* [Task to carry out]: In the entries below, the line with "gdim n \<le>" marks the start. Return it and every following line exactly, ending with the last.

======== Provided data

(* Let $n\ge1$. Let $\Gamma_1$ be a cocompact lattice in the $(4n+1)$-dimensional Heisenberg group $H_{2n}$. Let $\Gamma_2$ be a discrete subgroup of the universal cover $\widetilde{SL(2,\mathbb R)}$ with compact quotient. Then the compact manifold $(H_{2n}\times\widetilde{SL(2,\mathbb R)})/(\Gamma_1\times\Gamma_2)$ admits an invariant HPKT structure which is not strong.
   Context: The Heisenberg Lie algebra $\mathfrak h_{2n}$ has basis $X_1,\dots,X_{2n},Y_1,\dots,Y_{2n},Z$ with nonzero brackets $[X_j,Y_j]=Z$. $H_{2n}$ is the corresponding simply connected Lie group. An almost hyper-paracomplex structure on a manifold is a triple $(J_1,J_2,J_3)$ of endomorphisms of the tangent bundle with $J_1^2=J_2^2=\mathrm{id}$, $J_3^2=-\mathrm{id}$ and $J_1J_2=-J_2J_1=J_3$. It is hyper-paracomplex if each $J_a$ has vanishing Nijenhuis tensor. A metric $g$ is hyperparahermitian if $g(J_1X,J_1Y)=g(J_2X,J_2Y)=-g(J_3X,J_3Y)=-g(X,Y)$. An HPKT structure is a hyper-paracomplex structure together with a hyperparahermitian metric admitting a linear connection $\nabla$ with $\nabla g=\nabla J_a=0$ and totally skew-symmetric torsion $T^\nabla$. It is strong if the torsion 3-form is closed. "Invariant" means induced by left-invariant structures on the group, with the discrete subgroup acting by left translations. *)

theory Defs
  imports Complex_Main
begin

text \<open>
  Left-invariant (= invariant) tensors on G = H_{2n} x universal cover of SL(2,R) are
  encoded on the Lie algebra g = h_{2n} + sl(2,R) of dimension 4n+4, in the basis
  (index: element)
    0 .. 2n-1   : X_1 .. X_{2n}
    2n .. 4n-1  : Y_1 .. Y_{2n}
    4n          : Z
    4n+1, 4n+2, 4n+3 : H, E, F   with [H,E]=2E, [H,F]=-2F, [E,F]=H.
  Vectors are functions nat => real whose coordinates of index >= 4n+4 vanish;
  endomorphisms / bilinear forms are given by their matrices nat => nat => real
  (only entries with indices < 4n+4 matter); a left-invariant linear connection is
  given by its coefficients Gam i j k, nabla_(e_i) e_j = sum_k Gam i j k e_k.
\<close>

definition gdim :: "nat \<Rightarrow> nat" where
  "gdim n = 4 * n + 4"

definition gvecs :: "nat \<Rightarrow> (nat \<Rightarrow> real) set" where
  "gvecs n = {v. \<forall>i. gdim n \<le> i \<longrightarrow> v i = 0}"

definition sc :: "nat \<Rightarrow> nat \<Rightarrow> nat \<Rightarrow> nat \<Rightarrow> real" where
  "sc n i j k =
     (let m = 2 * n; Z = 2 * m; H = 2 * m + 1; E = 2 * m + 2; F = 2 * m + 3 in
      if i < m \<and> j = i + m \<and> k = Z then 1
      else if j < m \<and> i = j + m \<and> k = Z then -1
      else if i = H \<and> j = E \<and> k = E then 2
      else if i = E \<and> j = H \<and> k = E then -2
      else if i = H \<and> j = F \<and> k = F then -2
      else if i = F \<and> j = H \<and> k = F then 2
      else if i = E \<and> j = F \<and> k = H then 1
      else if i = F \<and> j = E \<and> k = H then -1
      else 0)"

================

* [Expected answer]:
  "gvecs n = {v. \<forall>i. gdim n \<le> i \<longrightarrow> v i = 0}"

definition sc :: "nat \<Rightarrow> nat \<Rightarrow> nat \<Rightarrow> nat \<Rightarrow> real" where
  "sc n i j k =
     (let m = 2 * n; Z = 2 * m; H = 2 * m + 1; E = 2 * m + 2; F = 2 * m + 3 in
      if i < m \<and> j = i + m \<and> k = Z then 1
      else if j < m \<and> i = j + m \<and> k = Z then -1
      else if i = H \<and> j = E \<and> k = E then 2
      else if i = E \<and> j = H \<and> k = E then -2
      else if i = H \<and> j = F \<and> k = F then -2
      else if i = F \<and> j = H \<and> k = F then 2
      else if i = E \<and> j = F \<and> k = H then 1
      else if i = F \<and> j = E \<and> k = H then -1
      else 0)"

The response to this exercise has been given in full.